[Problem description]
Your response should consist of one number, the count of lines below that contain "auto".

[Excerpts from a dataset]

definition empirical :: "nat \<Rightarrow> 'a list \<Rightarrow> 'a \<Rightarrow> real" where
  "empirical N xs a = real (count (mset xs) a) / real N"

lemma empirical_in_P1N:
  assumes "length xs = N" "N > 0"
  shows "empirical N (xs :: 'a::finite list) \<in> P1N N"
proof -
  have "(\<Sum>a\<in>UNIV. real (count (mset xs) a)) = real N"
    using assms sum_count_UNIV[of "mset xs"] by (simp flip: of_nat_sum)
  hence "(\<Sum>a\<in>UNIV. empirical N xs a) = 1"
    using assms unfolding empirical_def by (simp flip: sum_divide_distrib)
  thus ?thesis using assms by (auto simp: P1N_def pmeas_def empirical_def)
qed

lemma mset_seqN_eq_iff:
  assumes "lam \<in> P1N N" "N > 0"
  shows "mset (seqN N lam) = mset xs \<longleftrightarrow> empirical N xs = lam"
proof -
  have "mset (seqN N lam) = mset xs \<longleftrightarrow> (\<forall>a. real N * lam a = real (count (mset xs) a))"
    by (simp add: multiset_eq_iff real_count_seqN[OF assms(1), symmetric])
  also have "\<dots> \<longleftrightarrow> empirical N xs = lam"
    using assms(2) by (auto simp: empirical_def fun_eq_iff field_simps)
  finally show ?thesis .
qed

lemma empirical_eq_iff: "N > 0 \<Longrightarrow> empirical N xs = empirical N ys \<longleftrightarrow> mset xs = mset ys"
  by (auto simp: empirical_def fun_eq_iff multiset_eq_iff)

lemma P1N_eq_image_empirical:
  assumes "N > 0"
  shows "P1N N = empirical N ` (tuples N :: 'a::{finite,linorder} list set)"
proof
  show "empirical N ` (tuples N :: 'a list set) \<subseteq> P1N N"
    using empirical_in_P1N assms by (auto simp: tuples_def)
  show "P1N N \<subseteq> empirical N ` (tuples N :: 'a list set)"
  proof
    fix lam :: "'a \<Rightarrow> real" assume lam: "lam \<in> P1N N"
    hence "lam = empirical N (seqN N lam)" and "seqN N lam \<in> tuples N"
      using mset_seqN_eq_iff[OF lam assms, of "seqN N lam"] length_seqN[OF lam]
      by (auto simp: tuples_def)
    thus "lam \<in> empirical N ` (tuples N :: 'a list set)" by blast
  qed
qed

lemma finite_P1N: "N > 0 \<Longrightarrow> finite (P1N N :: ('a::{finite,linorder} \<Rightarrow> real) set)"
  by (simp add: P1N_eq_image_empirical finite_tuples)

lemma psiN_eq:
  assumes "lam \<in> P1N N"
  shows "psiN N lam xs = (if mset xs = mset (seqN N lam)
    then 1 / real (card (permutations_of_multiset (mset (seqN N lam)))) else 0)"
  unfolding psiN_def by (rule symm_dirac_eq[OF length_seqN[OF assms]])

lemma Psym_mset_eq:
  assumes "\<gamma> \<in> Psym N" "length xs = N" "mset ys = mset xs"
  shows "\<gamma> ys = \<gamma> xs"
  using symm_mset_eq[OF assms(2,3), of \<gamma>] assms(1) by (simp add: Psym_def)

definition mixing_weight :: "nat \<Rightarrow> ('a list \<Rightarrow> real) \<Rightarrow> ('a \<Rightarrow> real) \<Rightarrow> real" where
  "mixing_weight N \<gamma> lam = (\<Sum>xs\<in>{xs\<in>tuples N. empirical N xs = lam}. \<gamma> xs)"

lemma pmeas_mixing_weight:
  fixes \<gamma> :: "'a::{finite,linorder} list \<Rightarrow> real"
  assumes "N > 0" "pmeas (tuples N) \<gamma>"
  shows "pmeas (P1N N) (mixing_weight N \<gamma>)"
  unfolding pmeas_def
proof (intro conjI allI impI)
  show "0 \<le> mixing_weight N \<gamma> lam" for lam
    using assms(2) unfolding mixing_weight_def pmeas_def by (simp add: sum_nonneg)
  show "mixing_weight N \<gamma> lam = 0" if "lam \<notin> P1N N" for lam
  proof -
    have no_tuples: "{xs\<in>tuples N. empirical N xs = lam} = {}"
      using that P1N_eq_image_empirical[OF assms(1)] by blast
    show ?thesis unfolding mixing_weight_def no_tuples by simp
  qed
  show "sum (mixing_weight N \<gamma>) (P1N N) = 1"
    using sum.group[OF finite_tuples finite_P1N[OF assms(1)]
        equalityD2[OF P1N_eq_image_empirical[OF assms(1)]], of \<gamma>] assms(2)
    by (simp add: mixing_weight_def pmeas_def)
qed

lemma Psym_eq_mixture:
  fixes \<gamma> :: "'a::{finite,linorder} list \<Rightarrow> real"
  assumes N: "N > 0" and \<gamma>: "\<gamma> \<in> Psym N"
  shows "\<gamma> xs = (\<Sum>lam\<in>P1N N. mixing_weight N \<gamma> lam * psiN N lam xs)"
proof (cases "length xs = N")
  case False
  hence "\<gamma> xs = 0" using \<gamma> by (simp add: Psym_def pmeas_def tuples_def)
  moreover have "psiN N lam xs = 0" for lam using False by (simp add: psiN_def symm_def)
  ultimately show ?thesis by simp
next
  case True
  let ?O = "permutations_of_multiset (mset xs)"
  have emp: "empirical N xs \<in> P1N N" using True N by (rule empirical_in_P1N)
  have psi: "psiN N lam xs = (if lam = empirical N xs then 1 / real (card ?O) else 0)"
    if "lam \<in> P1N N" for lam
    using psiN_eq[OF that, of xs] mset_seqN_eq_iff[OF that N, of xs] by (auto simp: eq_commute)
  have "{ys\<in>tuples N. empirical N ys = empirical N xs} = ?O"
    using True
    by (auto simp: empirical_eq_iff[OF N] tuples_def permutations_of_multiset_def dest: mset_eq_length)
  hence "mixing_weight N \<gamma> (empirical N xs) = (\<Sum>ys\<in>?O. \<gamma> ys)"
    unfolding mixing_weight_def by (rule arg_cong)
  also have "\<dots> = (\<Sum>ys\<in>?O. \<gamma> xs)"
    by (intro sum.cong refl Psym_mset_eq[OF \<gamma> True]) (simp add: permutations_of_multiset_def)
  also have "\<dots> = real (card ?O) * \<gamma> xs" by simp
  finally have weight: "mixing_weight N \<gamma> (empirical N xs) = real (card ?O) * \<gamma> xs" .
  have "(\<Sum>lam\<in>P1N N. mixing_weight N \<gamma> lam * psiN N lam xs)
      = (\<Sum>lam\<in>P1N N. if lam = empirical N xs
           then mixing_weight N \<gamma> (empirical N xs) / real (card ?O) else 0)"
    by (intro sum.cong refl) (simp add: psi)
  also have "\<dots> = \<gamma> xs"
    using emp finite_P1N[OF N] weight card_gt_0_iff[of ?O] by (subst sum.delta) auto
  finally have "(\<Sum>lam\<in>P1N N. mixing_weight N \<gamma> lam * psiN N lam xs) = \<gamma> xs" .
  thus ?thesis by simp
qed
lemma op_holomorphic_onI_weakly_holomorphic:
  fixes g :: "complex \<Rightarrow> ('a::complex_normed_vector \<Rightarrow>\<^sub>L 'b::complex_normed_vector)"
  assumes refl: "creflexive TYPE('b)" and U: "open U"
    and B: "\<And>z. z \<in> U \<Longrightarrow> norm (g z) \<le> B"
    and g_clinear: "\<And>z. z \<in> U \<Longrightarrow> clinear (blinfun_apply (g z))"
    and hol: "\<And>\<phi> x. \<phi> \<in> cdual TYPE('b) \<Longrightarrow> (\<lambda>z. \<phi> (blinfun_apply (g z) x)) holomorphic_on U"
  shows "op_holomorphic_on g U"
  unfolding op_holomorphic_on_def
proof
  fix z0 assume z0: "z0 \<in> U"
  obtain e where e: "e > 0" "cball z0 e \<subseteq> U" using U z0 open_contains_cball by blast
  define r where "r = e / 2"
  have r: "r > 0" "cball z0 (2*r) \<subseteq> U" using e r_def by auto
  have "cball z0 r \<subseteq> U" using r(2) cball_subset_cball_iff[of z0 r z0 "2*r"] r(1) by auto
  from weakly_holomorphic_family_derivative[where g = g and B = B, OF refl U r(1) this B g_clinear hol]
  obtain D where D: "clinear (blinfun_apply D)"
    "\<And>\<phi> x. \<phi> \<in> cdual TYPE('b) \<Longrightarrow> deriv (\<lambda>z. \<phi> (blinfun_apply (g z) x)) z0 = \<phi> (blinfun_apply D x)"
    by metis
  have gx_bound: "norm (blinfun_apply (g z) x) \<le> B * norm x" if "z \<in> U" for z x
    using norm_blinfun[of "g z" x] B[OF that] by (meson mult_right_mono norm_ge_zero order_trans)
  have remainder: "norm (g w - g z0 - cscale_blinfun (w - z0) D) \<le> 2 * B / r^2 * cmod (w - z0)^2"
    if w: "cmod (w - z0) \<le> r" for w
  proof (rule norm_blinfun_bound)
    have "0 \<le> B" using B[OF z0] norm_ge_zero[of "g z0"] by linarith
    then show "0 \<le> 2 * B / r^2 * cmod (w - z0)^2" by simp
    fix x
    have "norm (blinfun_apply (g w) x - blinfun_apply (g z0) x - scaleC (w - z0) (blinfun_apply D x))
            \<le> 2 * (B * norm x) * cmod (w - z0)^2 / r^2"
      using weakly_holomorphic_remainder_bound[where h = "\<lambda>z. blinfun_apply (g z) x" and B = "B * norm x",
          OF U r gx_bound hol D(2) w] by simp
    then show "norm (blinfun_apply (g w - g z0 - cscale_blinfun (w - z0) D) x)
                 \<le> 2 * B / r^2 * cmod (w - z0)^2 * norm x"
      by (simp add: blinfun.diff_left blinfun.add_left cscale_blinfun_apply field_simps)
  qed
  show "\<exists>D. clinear (blinfun_apply D) \<and>
          ((\<lambda>w. norm (g w - g z0 - cscale_blinfun (w - z0) D) / cmod (w - z0)) \<longlongrightarrow> 0) (at z0)"
    using D(1) quadratic_bound_imp_tendsto_quotient_zero[OF r(1) remainder] by blast
qed

lemma op_holomorphic_on_cdual_apply:
  fixes f :: "complex \<Rightarrow> ('a::complex_normed_vector \<Rightarrow>\<^sub>L 'b::complex_normed_vector)"
  assumes hol: "op_holomorphic_on f U" and \<theta>: "\<theta> \<in> cdual TYPE('b)"
  shows "(\<lambda>z. \<theta> (blinfun_apply (f z) a)) holomorphic_on U"
  unfolding holomorphic_on_def
proof
  fix z assume z: "z \<in> U"
  obtain D where D: "((\<lambda>w. norm (f w - f z - cscale_blinfun (w - z) D) / cmod (w - z)) \<longlongrightarrow> 0) (at z)"
    using hol z unfolding op_holomorphic_on_def by blast
  let ?h = "\<lambda>w. \<theta> (blinfun_apply (f w) a)" and ?R = "\<lambda>w. f w - f z - cscale_blinfun (w - z) D"
  have "((\<lambda>w. (?h w - ?h z) / (w - z) - \<theta> (blinfun_apply D a)) \<longlongrightarrow> 0) (at z)"
  proof (rule Lim_null_comparison)
    show "\<forall>\<^sub>F w in at z. norm ((?h w - ?h z) / (w - z) - \<theta> (blinfun_apply D a))
            \<le> onorm \<theta> * norm a * (norm (?R w) / cmod (w - z))"
    proof (rule eventually_mono[OF eventually_at_ball'[OF zero_less_one, of z UNIV]])
      fix w assume "w \<in> ball z 1 \<and> w \<noteq> z \<and> w \<in> UNIV"
      then have wz: "w - z \<noteq> 0" by simp
      have "(?h w - ?h z) / (w - z) - \<theta> (blinfun_apply D a) = \<theta> (blinfun_apply (?R w) a) / (w - z)"
        using wz \<theta> by (simp add: blinfun.diff_left blinfun.add_left cscale_blinfun_apply cdual_diff
            cdual_add cdual_scaleC field_simps)
      moreover have "cmod (\<theta> (blinfun_apply (?R w) a)) \<le> onorm \<theta> * (norm (?R w) * norm a)"
        using cdual_norm_le[OF \<theta>] norm_blinfun[of "?R w" a] cdual_onorm_nonneg[OF \<theta>]
        by (meson mult_left_mono order_trans)
      ultimately show "norm ((?h w - ?h z) / (w - z) - \<theta> (blinfun_apply D a))
            \<le> onorm \<theta> * norm a * (norm (?R w) / cmod (w - z))"
        using wz by (simp add: norm_divide divide_right_mono field_simps)
    qed
    show "((\<lambda>w. onorm \<theta> * norm a * (norm (?R w) / cmod (w - z))) \<longlongrightarrow> 0) (at z)"
      using tendsto_mult_right_zero[OF D] by blast
  qed
  then have "(?h has_field_derivative \<theta> (blinfun_apply D a)) (at z)"
    unfolding has_field_derivative_iff
    by (rule Lim_transform[OF tendsto_const])
  then show "?h field_differentiable at z within U"
    unfolding field_differentiable_def by (blast intro: has_field_derivative_at_within)
qed

section \<open>Density of compatible functionals\<close>

definition compatible_cdual ::
    "('a::complex_normed_vector \<Rightarrow> 'w) \<Rightarrow> ('b::complex_normed_vector \<Rightarrow> 'w) \<Rightarrow> ('b \<Rightarrow> complex) set" where
  "compatible_cdual j1 j2 =
     {\<psi> \<in> cdual TYPE('b). \<exists>\<theta>\<in>cdual TYPE('a). \<forall>a b. j1 a = j2 b \<longrightarrow> \<psi> b = \<theta> a}"

lemma compatible_cdual_subset_cdual: "compatible_cdual j1 j2 \<subseteq> cdual TYPE('b)"
  for j2 :: "'b::complex_normed_vector \<Rightarrow> 'w"
  unfolding compatible_cdual_def by blast

lemma compatible_cdual_zero_mem: "(\<lambda>y. 0) \<in> compatible_cdual j1 j2"
  unfolding compatible_cdual_def
  by (intro CollectI conjI bexI[of _ "\<lambda>x. 0"] cdual_zero_mem allI impI) simp

lemma compatible_cdual_add_mem:
  fixes j1 :: "'a::complex_normed_vector \<Rightarrow> 'w" and j2 :: "'b::complex_normed_vector \<Rightarrow> 'w"
  assumes \<psi>: "\<psi> \<in> compatible_cdual j1 j2" and \<psi>': "\<psi>' \<in> compatible_cdual j1 j2"
  shows "(\<lambda>y. \<psi> y + \<psi>' y) \<in> compatible_cdual j1 j2"
proof -
  obtain \<theta> where \<theta>: "\<theta> \<in> cdual TYPE('a)" "\<And>a b. j1 a = j2 b \<Longrightarrow> \<psi> b = \<theta> a"
    using \<psi> unfolding compatible_cdual_def by blast
  obtain \<theta>' where \<theta>': "\<theta>' \<in> cdual TYPE('a)" "\<And>a b. j1 a = j2 b \<Longrightarrow> \<psi>' b = \<theta>' a"
    using \<psi>' unfolding compatible_cdual_def by blast
  have "(\<lambda>y. \<psi> y + \<psi>' y) \<in> cdual TYPE('b)"
    using \<psi> \<psi>' unfolding compatible_cdual_def by (blast intro: cdual_add_mem)
  moreover have "(\<lambda>x. \<theta> x + \<theta>' x) \<in> cdual TYPE('a)" using \<theta>(1) \<theta>'(1) by (rule cdual_add_mem)
  ultimately show ?thesis unfolding compatible_cdual_def
    by (intro CollectI conjI bexI[of _ "\<lambda>x. \<theta> x + \<theta>' x"] allI impI) (simp_all add: \<theta>(2) \<theta>'(2))
qed

lemma compatible_cdual_mult_mem:
  fixes j1 :: "'a::complex_normed_vector \<Rightarrow> 'w" and j2 :: "'b::complex_normed_vector \<Rightarrow> 'w"
  assumes \<psi>: "\<psi> \<in> compatible_cdual j1 j2"
  shows "(\<lambda>y. c * \<psi> y) \<in> compatible_cdual j1 j2"
proof -
  obtain \<theta> where \<theta>: "\<theta> \<in> cdual TYPE('a)" "\<And>a b. j1 a = j2 b \<Longrightarrow> \<psi> b = \<theta> a"
    using \<psi> unfolding compatible_cdual_def by blast
  have "(\<lambda>y. c * \<psi> y) \<in> cdual TYPE('b)"
    using \<psi> unfolding compatible_cdual_def by (blast intro: cdual_mult_mem)
  moreover have "(\<lambda>x. c * \<theta> x) \<in> cdual TYPE('a)" using \<theta>(1) by (rule cdual_mult_mem)
  ultimately show ?thesis unfolding compatible_cdual_def
    by (intro CollectI conjI bexI[of _ "\<lambda>x. c * \<theta> x"] allI impI) (simp_all add: \<theta>(2))
qed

[Your solution]
10